Some taxpayers are required by law to calculate income tax according to lucro real rules. These include financial institutions in general, insurance companies, and those enjoying special income tax exemptions or reductions.
For calendar year 2009, some taxpayers may be subject to an increase in monthly tax payments under lucro real. Until 2008, taxpayers with accumulated federal tax credits could use those credits to pay their estimated monthly tax payments during the year. Therefore, no cash disbursement was required as long as the taxpayer had sufficient tax credits to offset the monthly tax payment. That was particularly the case for exporters because tax-exempt exports generated continuing tax credits of P.I.S., COFINS, and IPI^2^ that could be used to pay corporate income tax and estimated monthly CSL payments.
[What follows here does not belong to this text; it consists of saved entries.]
lemma norm_zeta_tail_le:
  assumes "2 \<le> Re t"
  shows "norm (zeta_tail t) \<le> (\<Sum>n. real (n + 2) powr (- 2)) * 2 powr (2 - Re t)"
proof -
  have "norm (zeta_tail t) \<le> (\<Sum>n. real (n + 2) powr (- Re t))"
    using summable_norm[OF zeta_tail_sums(1)] assms
    unfolding zeta_tail_def norm_of_nat_powr by simp
  also have "\<dots> \<le> (\<Sum>n. real (n + 2) powr (- 2) * 2 powr (2 - Re t))"
    using assms
    by (intro suminf_le powr_le_powr_mult_two_powr summable_shifted_powr summable_mult2) auto
  also have "\<dots> = (\<Sum>n. real (n + 2) powr (- 2)) * 2 powr (2 - Re t)"
    by (intro suminf_mult2[symmetric] summable_shifted_powr) simp
  finally show ?thesis .
qed

lemma zeta_tail_holomorphic: "zeta_tail holomorphic_on {z. 1 < Re z}"
proof -
  have "(\<lambda>z. \<Sum>n. of_nat (n + 2) powr (- z)) holomorphic_on {z. 1 < Re z}"
  proof (rule holomorphic_on_suminf_halfplane)
    fix c R :: real assume "1 < c"
    have "norm ((of_nat (n + 2) :: complex) powr (- z)) \<le> real (n + 2) powr (- c)"
      if "c \<le> Re z" for n z
      unfolding norm_of_nat_powr using that by (intro powr_mono) auto
    then show "\<exists>M. summable M \<and> (\<forall>\<^sub>F n in sequentially. \<forall>z. c \<le> Re z \<and> norm z \<le> R \<longrightarrow>
                 norm ((of_nat (n + 2) :: complex) powr (- z)) \<le> M n)"
      using summable_shifted_powr[OF \<open>1 < c\<close>] by (auto intro!: always_eventually)
  qed (intro holomorphic_intros)
  then show ?thesis
    unfolding zeta_tail_def[abs_def] .
qed

definition shift_coeff :: "nat \<Rightarrow> complex \<Rightarrow> complex" where
  "shift_coeff j s = (-1) ^ j * pochhammer (s - 1) (j + 1) / fact (j + 2)"

(* Summing the binomial expansion of (n + 1) powr (1 - s) - n powr (1 - s) over n >= 2 gives
     (s - 1) * zeta_tail s
       = 2 powr (1 - s) + (SUM k>=2. ((1 - s) gchoose k) * zeta_tail (s + k - 1)),
   whose terms are rewritten by shift_coeff_mult_zeta_tail_reg (k = j + 2).  The right-hand
   side only uses values further to the right, so continuation_step extends zeta_tail_reg from
   a half-plane by one unit to the left. *)
definition continuation_step :: "(complex \<Rightarrow> complex) \<Rightarrow> complex \<Rightarrow> complex" where
  "continuation_step F s = 2 powr (1 - s) + (\<Sum>j. shift_coeff j s * F (s + of_nat (j + 1)))"

lemma shift_coeff_mult_zeta_tail_reg:
  "shift_coeff j s * zeta_tail_reg (s + of_nat (j + 1))
     = ((1 - s) gchoose (j + 2)) * zeta_tail (s + of_nat (j + 1))"
proof -
  have "(1 - s) gchoose (j + 2)
          = (-1) ^ j * (pochhammer (s - 1) (j + 1) * (s + of_nat j)) / fact (j + 2)"
    using pochhammer_Suc[of "s - 1" "j + 1"] by (simp add: gbinomial_pochhammer)
  then show ?thesis
    by (simp add: shift_coeff_def zeta_tail_reg_def)
qed

lemma norm_binomial_zeta_tail_le:
  assumes "c \<le> Re s" "1 \<le> c + real j" "norm (s - 1) \<le> r"
  shows "norm (((1 - s) gchoose (j + 2)) * zeta_tail (s + of_nat (j + 1)))
           \<le> (\<Sum>n. real (n + 2) powr (- 2)) * 2 powr (3 - c)
               * (pochhammer r (j + 2) / fact (j + 2) * (1 / 2) ^ (j + 2))"
proof -
  define K where "K = (\<Sum>n. real (n + 2) powr (- 2))"
  have "0 \<le> r"
    using assms(3) norm_ge_zero order_trans by blast
  have binomial: "norm ((1 - s) gchoose (j + 2)) \<le> pochhammer r (j + 2) / fact (j + 2)"
    using assms(3) by (intro norm_gchoose_le) (simp add: norm_minus_commute)
  have tail: "norm (zeta_tail (s + of_nat (j + 1))) \<le> K * 2 powr (2 - (c + real j + 1))"
  proof -
    have "norm (zeta_tail (s + of_nat (j + 1))) \<le> K * 2 powr (2 - (Re s + real j + 1))"
      using norm_zeta_tail_le[of "s + of_nat (j + 1)"] assms by (simp add: K_def)
    also have "\<dots> \<le> K * 2 powr (2 - (c + real j + 1))"
      using assms(1) unfolding K_def
      by (intro mult_left_mono suminf_nonneg summable_shifted_powr) auto
    finally show ?thesis .
  qed
  have "norm (((1 - s) gchoose (j + 2)) * zeta_tail (s + of_nat (j + 1)))
          \<le> pochhammer r (j + 2) / fact (j + 2) * (K * 2 powr (2 - (c + real j + 1)))"
    unfolding norm_mult using \<open>0 \<le> r\<close>
    by (intro mult_mono binomial tail) (auto intro!: divide_nonneg_pos pochhammer_ge_zero)
  also have "2 powr (2 - (c + real j + 1)) = 2 powr (3 - c) * (1 / 2) ^ (j + 2)"
    by (simp add: powr_diff powr_add powr_realpow power_one_over field_simps)
  finally show ?thesis
    by (simp add: K_def mult_ac)
qed

lemma continuation_step_holomorphic:
  assumes hol: "F holomorphic_on {z. a < Re z}"
    and F: "\<And>t. 1 < Re t \<Longrightarrow> F t = zeta_tail_reg t"
  shows "continuation_step F holomorphic_on {z. a - 1 < Re z}"
proof -
  have "(\<lambda>s. \<Sum>j. shift_coeff j s * F (s + of_nat (j + 1))) holomorphic_on {z. a - 1 < Re z}"
  proof (rule holomorphic_on_suminf_halfplane)
    have "(\<lambda>s. F (s + of_nat (j + 1))) holomorphic_on {z. a - 1 < Re z}" for j
      by (rule holomorphic_on_compose_gen[OF _ hol, unfolded o_def])
         (auto intro!: holomorphic_intros)
    then show "(\<lambda>s. shift_coeff j s * F (s + of_nat (j + 1))) holomorphic_on {z. a - 1 < Re z}"
      for j
      unfolding shift_coeff_def by (intro holomorphic_intros) auto
  next
    fix c R :: real
    define M where "M j = (\<Sum>n. real (n + 2) powr (- 2)) * 2 powr (3 - c)
                            * (pochhammer (R + 1) (j + 2) / fact (j + 2) * (1 / 2) ^ (j + 2))" for j
    have "summable M"
      unfolding M_def by (intro summable_mult summable_pochhammer_half)
    moreover have "norm (shift_coeff j s * F (s + of_nat (j + 1))) \<le> M j"
      if "nat \<lceil>1 - c\<rceil> \<le> j" "c \<le> Re s" "norm s \<le> R" for j s
    proof -
      have "F (s + of_nat (j + 1)) = zeta_tail_reg (s + of_nat (j + 1))"
        using that by (intro F) auto
      then have "norm (shift_coeff j s * F (s + of_nat (j + 1)))
                   = norm (((1 - s) gchoose (j + 2)) * zeta_tail (s + of_nat (j + 1)))"
        by (simp only: shift_coeff_mult_zeta_tail_reg)
      also have "\<dots> \<le> M j"
        unfolding M_def using that norm_triangle_ineq4[of s 1]
        by (intro norm_binomial_zeta_tail_le) auto
      finally show ?thesis .
    qed
    ultimately show "\<exists>M. summable M \<and> (\<forall>\<^sub>F j in sequentially. \<forall>s. c \<le> Re s \<and> norm s \<le> R \<longrightarrow>
                 norm (shift_coeff j s * F (s + of_nat (j + 1))) \<le> M j)"
      unfolding eventually_sequentially by blast
  qed
  then show ?thesis
    unfolding continuation_step_def[abs_def] by (intro holomorphic_intros)
qed

definition binomial_remainder :: "complex \<Rightarrow> nat \<Rightarrow> complex" where
  "binomial_remainder s n =
     of_nat (n + 3) powr (1 - s) - of_nat (n + 2) powr (1 - s)
       - (1 - s) * of_nat (n + 2) powr (- s)"

lemma binomial_remainder_sums:
  "(\<lambda>j. ((1 - s) gchoose (j + 2)) * of_nat (n + 2) powr (- (s + of_nat (j + 1))))
     sums binomial_remainder s n"
proof -
  have "(\<lambda>k. ((1 - s) gchoose k) * of_real (real (n + 2)) powr (1 - s - of_nat k) * of_real 1 ^ k)
          sums of_real (real (n + 2) + 1) powr (1 - s)"
    by (rule gen_binomial_complex'') simp
  then have "(\<lambda>k. ((1 - s) gchoose k) * of_nat (n + 2) powr (1 - s - of_nat k))
               sums of_nat (n + 3) powr (1 - s)"
    by (simp add: add_ac)
  from sums_split_initial_segment[OF this, of 2] show ?thesis
    by (simp add: binomial_remainder_def numeral_2_eq_2 algebra_simps)
qed

lemma sum_binomial_remainder:
  "(\<Sum>n<N. binomial_remainder s n) =
     of_nat (N + 2) powr (1 - s) - 2 powr (1 - s) - (1 - s) * (\<Sum>n<N. of_nat (n + 2) powr (- s))"
  by (induction N) (simp_all add: binomial_remainder_def algebra_simps)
However, Provisional Measure 449/2008 prohibited taxpayers from using federal tax credits to set off corporate income tax and estimated monthly CSL payments as of January 1. Therefore, taxpayers will be required to make cash payments during the year instead of using their tax credits. Regarding those tax credits, depending on specific circumstances, the taxpayer may be entitled to file an administrative tax refund claim, but payment could take months.

Although the restriction created by Provisional Measure 449/2008 cannot be characterized as a true tax increase, it clearly results in a significant impact on the cash flow of certain taxpayers, including exporters. In extreme situations where margins are small, the restriction could put a taxpayer out of business. Taxpayers in those situations could challenge the restriction in court based on the argument that it violates the tax capacity principle established in Brazil’s Constitution.

The Lucro Presumido Method

Under the lucro presumido regime, taxpayers calculate income tax on a percentage of gross revenues for the entire 12 months of the year (although payments are made quarterly). At the end of the year, no adjustment is made even if actual profits exceed the presumed profit used to calculate the income tax. To be eligible for this method, taxpayers’ annual gross revenues in the preceding year cannot exceed BRL 48 million (approximately $20.4 million).

Final Remarks

There is no standard answer for determining which method is best. Taxpayers are advised to consult with their accountants and tax advisers and to hypothetically structure their payments under each regime to evaluate their opportunities for tax minimization in 2009.
The new restriction on the use of tax credits to pay corporate income tax and monthly CSL obligations under lucro real should also be considered. Significant adverse financial impact to the company might present an opportunity to challenge the restriction in court.
David Roberto R. Soares da Silva

FOOTNOTES

1 Exceptions apply to some sectors where the taxpayer’s business may be subject to a special P.I.S./COFINS regime such as tax substitution, a different rate system, etc. In some special circumstances, a company electing (or required by law to use) lucro real may benefit from the calculation of P.I.S./COFINS under the cumulative regime. Sectors and businesses with different P.I.S./COFINS regimes include financial institutions and equivalent companies, ethanol, telecommunications, news media, passenger transportation, telemarketing, civil construction, software, real estate, and others.
2 This was because of the credit of P.I.S., COFINS, and IPI on inputs, and the lack of such taxes on outputs (exports).